▶ [Records shown]:
☆ ☆ ☆

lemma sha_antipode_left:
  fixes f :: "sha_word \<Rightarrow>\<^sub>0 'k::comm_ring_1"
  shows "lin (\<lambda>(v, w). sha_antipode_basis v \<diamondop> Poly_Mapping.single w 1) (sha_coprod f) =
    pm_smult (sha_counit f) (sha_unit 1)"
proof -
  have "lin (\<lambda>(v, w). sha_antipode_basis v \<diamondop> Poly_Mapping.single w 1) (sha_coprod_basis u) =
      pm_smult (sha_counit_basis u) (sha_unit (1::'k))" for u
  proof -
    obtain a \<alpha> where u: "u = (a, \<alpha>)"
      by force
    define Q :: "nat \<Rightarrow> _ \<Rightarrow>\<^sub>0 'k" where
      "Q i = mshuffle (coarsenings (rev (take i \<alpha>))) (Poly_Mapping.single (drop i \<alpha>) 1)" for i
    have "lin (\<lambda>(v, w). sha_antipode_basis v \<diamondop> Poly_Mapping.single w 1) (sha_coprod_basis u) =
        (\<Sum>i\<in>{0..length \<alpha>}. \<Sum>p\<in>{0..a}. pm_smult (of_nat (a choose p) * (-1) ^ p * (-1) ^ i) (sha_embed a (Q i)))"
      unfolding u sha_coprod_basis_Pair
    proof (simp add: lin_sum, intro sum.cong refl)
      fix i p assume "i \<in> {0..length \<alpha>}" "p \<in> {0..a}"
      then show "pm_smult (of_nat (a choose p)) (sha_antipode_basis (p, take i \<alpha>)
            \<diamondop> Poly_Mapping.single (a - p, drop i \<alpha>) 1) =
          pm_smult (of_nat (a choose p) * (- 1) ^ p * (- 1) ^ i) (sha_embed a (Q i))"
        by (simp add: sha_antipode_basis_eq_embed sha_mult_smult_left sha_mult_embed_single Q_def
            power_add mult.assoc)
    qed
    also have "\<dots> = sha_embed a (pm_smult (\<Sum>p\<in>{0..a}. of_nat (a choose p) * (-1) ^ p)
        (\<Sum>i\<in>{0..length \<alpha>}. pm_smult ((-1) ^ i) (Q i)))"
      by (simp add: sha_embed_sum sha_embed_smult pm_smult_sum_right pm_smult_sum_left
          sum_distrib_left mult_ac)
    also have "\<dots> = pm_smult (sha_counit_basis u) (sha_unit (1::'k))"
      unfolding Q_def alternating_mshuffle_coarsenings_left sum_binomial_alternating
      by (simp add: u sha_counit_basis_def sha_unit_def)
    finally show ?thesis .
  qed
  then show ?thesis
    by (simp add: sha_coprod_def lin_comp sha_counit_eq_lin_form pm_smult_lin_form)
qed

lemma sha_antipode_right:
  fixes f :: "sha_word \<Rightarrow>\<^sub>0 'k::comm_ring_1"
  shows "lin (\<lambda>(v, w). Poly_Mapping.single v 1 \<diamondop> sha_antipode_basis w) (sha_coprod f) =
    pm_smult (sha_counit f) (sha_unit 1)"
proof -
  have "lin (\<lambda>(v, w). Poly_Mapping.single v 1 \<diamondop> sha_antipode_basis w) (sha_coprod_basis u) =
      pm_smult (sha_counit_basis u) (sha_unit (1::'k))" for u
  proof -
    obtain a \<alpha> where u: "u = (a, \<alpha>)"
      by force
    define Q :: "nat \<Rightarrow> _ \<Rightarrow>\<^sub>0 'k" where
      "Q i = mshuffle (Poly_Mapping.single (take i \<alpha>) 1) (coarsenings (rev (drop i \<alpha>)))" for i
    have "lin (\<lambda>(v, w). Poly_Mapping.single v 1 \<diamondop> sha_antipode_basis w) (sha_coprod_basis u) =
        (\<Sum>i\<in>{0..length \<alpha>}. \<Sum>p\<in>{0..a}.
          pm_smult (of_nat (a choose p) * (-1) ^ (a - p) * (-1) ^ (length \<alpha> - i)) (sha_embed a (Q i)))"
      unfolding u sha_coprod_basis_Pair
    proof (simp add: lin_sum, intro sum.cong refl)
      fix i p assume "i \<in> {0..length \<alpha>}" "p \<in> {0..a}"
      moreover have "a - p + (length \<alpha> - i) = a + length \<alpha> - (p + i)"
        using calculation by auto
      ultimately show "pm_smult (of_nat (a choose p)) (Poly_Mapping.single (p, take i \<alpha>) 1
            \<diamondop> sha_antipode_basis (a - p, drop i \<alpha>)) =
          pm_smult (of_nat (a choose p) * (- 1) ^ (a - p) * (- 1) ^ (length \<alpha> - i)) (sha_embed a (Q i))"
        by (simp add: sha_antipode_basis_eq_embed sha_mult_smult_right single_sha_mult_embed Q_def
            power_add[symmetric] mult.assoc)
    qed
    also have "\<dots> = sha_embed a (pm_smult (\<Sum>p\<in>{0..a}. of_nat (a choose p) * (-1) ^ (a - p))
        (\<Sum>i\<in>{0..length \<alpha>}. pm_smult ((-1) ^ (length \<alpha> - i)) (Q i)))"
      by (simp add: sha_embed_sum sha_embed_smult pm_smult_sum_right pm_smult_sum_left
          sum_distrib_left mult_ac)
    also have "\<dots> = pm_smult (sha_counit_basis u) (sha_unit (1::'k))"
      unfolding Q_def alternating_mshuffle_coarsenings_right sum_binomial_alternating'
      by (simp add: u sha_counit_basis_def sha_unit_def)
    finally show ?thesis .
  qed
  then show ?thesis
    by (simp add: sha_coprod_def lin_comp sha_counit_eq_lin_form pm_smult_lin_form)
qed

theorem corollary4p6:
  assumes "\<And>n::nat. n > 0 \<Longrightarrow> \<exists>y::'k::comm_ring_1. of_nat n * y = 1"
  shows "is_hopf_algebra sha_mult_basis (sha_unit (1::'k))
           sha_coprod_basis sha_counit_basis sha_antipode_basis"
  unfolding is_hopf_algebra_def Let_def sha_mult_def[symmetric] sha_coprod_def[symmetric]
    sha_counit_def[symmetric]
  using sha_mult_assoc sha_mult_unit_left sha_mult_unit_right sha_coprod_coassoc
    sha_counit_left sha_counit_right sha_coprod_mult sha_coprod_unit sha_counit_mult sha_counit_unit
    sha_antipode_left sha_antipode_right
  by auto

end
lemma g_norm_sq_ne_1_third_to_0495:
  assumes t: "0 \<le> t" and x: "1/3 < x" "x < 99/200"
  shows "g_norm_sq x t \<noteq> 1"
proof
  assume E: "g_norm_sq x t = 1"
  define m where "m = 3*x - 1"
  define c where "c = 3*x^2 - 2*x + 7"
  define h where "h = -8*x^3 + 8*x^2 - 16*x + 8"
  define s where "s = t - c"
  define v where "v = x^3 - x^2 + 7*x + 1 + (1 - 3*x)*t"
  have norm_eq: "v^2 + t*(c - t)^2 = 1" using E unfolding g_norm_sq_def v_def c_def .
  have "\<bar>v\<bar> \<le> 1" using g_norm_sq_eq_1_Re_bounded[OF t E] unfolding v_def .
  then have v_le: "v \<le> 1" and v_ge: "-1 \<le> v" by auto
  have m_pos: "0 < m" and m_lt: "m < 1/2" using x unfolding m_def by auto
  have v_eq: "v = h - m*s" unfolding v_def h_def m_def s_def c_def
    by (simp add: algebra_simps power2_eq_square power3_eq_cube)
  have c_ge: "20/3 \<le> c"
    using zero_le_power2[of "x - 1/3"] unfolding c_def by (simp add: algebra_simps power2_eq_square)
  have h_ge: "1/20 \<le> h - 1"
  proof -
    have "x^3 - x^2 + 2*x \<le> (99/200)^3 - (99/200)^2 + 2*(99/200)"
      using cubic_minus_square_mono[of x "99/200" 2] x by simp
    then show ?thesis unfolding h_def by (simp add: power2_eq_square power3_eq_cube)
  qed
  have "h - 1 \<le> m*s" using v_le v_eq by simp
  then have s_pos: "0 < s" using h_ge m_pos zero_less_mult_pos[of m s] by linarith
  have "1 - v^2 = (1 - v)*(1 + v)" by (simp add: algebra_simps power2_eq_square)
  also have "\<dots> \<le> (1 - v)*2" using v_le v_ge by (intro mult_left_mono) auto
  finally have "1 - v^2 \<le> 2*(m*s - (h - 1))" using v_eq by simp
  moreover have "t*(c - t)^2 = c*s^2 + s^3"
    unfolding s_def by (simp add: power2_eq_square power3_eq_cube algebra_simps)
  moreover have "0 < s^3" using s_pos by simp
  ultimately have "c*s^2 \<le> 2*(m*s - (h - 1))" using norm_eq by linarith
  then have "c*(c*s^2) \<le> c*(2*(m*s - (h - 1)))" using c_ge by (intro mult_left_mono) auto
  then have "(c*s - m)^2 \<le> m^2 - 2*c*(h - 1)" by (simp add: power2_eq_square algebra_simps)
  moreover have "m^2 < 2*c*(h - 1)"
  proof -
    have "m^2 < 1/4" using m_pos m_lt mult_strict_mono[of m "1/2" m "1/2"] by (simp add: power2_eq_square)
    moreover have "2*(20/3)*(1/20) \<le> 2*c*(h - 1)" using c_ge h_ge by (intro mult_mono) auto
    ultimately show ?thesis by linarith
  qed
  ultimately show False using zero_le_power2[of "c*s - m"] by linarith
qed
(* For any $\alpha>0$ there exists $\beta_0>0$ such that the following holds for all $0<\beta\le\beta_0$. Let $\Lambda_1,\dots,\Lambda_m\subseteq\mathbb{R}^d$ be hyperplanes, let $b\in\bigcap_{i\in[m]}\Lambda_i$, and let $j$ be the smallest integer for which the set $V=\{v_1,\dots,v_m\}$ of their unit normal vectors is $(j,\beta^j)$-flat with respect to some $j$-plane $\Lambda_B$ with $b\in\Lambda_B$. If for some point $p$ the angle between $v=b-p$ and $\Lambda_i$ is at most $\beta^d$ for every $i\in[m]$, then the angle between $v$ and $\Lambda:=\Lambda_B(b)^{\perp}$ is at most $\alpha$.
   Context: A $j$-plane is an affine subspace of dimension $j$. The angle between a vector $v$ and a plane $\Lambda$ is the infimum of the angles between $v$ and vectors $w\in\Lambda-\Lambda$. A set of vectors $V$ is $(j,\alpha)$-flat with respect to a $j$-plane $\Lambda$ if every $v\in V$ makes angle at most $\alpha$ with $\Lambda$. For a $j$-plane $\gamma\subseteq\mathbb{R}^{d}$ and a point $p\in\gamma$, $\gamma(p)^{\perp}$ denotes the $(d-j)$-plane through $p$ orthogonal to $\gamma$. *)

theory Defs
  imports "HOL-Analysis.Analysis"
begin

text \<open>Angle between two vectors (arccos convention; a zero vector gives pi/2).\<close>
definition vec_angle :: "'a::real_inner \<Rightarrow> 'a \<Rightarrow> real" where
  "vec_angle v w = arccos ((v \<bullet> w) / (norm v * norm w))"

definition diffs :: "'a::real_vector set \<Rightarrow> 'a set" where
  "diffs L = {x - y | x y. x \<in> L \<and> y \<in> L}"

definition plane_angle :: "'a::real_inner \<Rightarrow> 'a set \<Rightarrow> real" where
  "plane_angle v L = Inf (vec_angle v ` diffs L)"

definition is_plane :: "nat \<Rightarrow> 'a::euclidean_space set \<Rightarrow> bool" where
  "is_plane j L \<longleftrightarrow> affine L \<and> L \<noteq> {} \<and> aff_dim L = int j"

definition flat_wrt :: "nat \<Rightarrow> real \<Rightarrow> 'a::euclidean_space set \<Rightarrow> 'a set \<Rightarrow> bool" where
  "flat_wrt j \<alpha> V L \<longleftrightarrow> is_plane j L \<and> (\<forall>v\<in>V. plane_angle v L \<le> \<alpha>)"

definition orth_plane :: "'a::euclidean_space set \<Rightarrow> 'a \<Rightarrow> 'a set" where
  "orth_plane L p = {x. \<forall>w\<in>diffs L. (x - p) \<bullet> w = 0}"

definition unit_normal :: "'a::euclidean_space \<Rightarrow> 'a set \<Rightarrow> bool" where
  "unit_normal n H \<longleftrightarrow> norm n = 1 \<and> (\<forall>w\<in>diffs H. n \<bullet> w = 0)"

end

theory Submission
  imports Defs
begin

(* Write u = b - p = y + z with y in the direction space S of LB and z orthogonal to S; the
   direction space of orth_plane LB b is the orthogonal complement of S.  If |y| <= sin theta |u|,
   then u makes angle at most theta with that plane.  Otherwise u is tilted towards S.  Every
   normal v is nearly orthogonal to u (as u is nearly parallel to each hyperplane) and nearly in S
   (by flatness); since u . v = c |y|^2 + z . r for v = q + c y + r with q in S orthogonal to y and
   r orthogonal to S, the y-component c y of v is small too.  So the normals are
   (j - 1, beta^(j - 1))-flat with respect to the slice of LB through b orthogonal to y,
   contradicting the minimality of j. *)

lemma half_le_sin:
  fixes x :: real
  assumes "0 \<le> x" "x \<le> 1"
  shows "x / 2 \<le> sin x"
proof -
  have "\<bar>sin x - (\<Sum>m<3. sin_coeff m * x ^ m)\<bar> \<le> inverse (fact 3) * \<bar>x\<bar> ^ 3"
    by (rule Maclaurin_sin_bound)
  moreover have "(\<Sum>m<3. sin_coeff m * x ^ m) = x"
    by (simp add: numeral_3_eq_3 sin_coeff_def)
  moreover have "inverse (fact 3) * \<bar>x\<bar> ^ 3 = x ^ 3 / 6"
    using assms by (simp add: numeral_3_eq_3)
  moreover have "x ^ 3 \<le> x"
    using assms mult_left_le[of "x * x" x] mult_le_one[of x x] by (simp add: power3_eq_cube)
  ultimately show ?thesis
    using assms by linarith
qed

☆ ☆ ☆

▶ [Work to be completed]:
Nothing but an exact copy of the lines from the start of the entries through the line containing "pm_smult ((-1) ^ i)" belongs in the response.

▶ [Your response]:
lemma sha_antipode_left:
  fixes f :: "sha_word \<Rightarrow>\<^sub>0 'k::comm_ring_1"
  shows "lin (\<lambda>(v, w). sha_antipode_basis v \<diamondop> Poly_Mapping.single w 1) (sha_coprod f) =
    pm_smult (sha_counit f) (sha_unit 1)"
proof -
  have "lin (\<lambda>(v, w). sha_antipode_basis v \<diamondop> Poly_Mapping.single w 1) (sha_coprod_basis u) =
      pm_smult (sha_counit_basis u) (sha_unit (1::'k))" for u
  proof -
    obtain a \<alpha> where u: "u = (a, \<alpha>)"
      by force
    define Q :: "nat \<Rightarrow> _ \<Rightarrow>\<^sub>0 'k" where
      "Q i = mshuffle (coarsenings (rev (take i \<alpha>))) (Poly_Mapping.single (drop i \<alpha>) 1)" for i
    have "lin (\<lambda>(v, w). sha_antipode_basis v \<diamondop> Poly_Mapping.single w 1) (sha_coprod_basis u) =
        (\<Sum>i\<in>{0..length \<alpha>}. \<Sum>p\<in>{0..a}. pm_smult (of_nat (a choose p) * (-1) ^ p * (-1) ^ i) (sha_embed a (Q i)))"
      unfolding u sha_coprod_basis_Pair
    proof (simp add: lin_sum, intro sum.cong refl)
      fix i p assume "i \<in> {0..length \<alpha>}" "p \<in> {0..a}"
      then show "pm_smult (of_nat (a choose p)) (sha_antipode_basis (p, take i \<alpha>)
            \<diamondop> Poly_Mapping.single (a - p, drop i \<alpha>) 1) =
          pm_smult (of_nat (a choose p) * (- 1) ^ p * (- 1) ^ i) (sha_embed a (Q i))"
        by (simp add: sha_antipode_basis_eq_embed sha_mult_smult_left sha_mult_embed_single Q_def
            power_add mult.assoc)
    qed
    also have "\<dots> = sha_embed a (pm_smult (\<Sum>p\<in>{0..a}. of_nat (a choose p) * (-1) ^ p)
        (\<Sum>i\<in>{0..length \<alpha>}. pm_smult ((-1) ^ i) (Q i)))"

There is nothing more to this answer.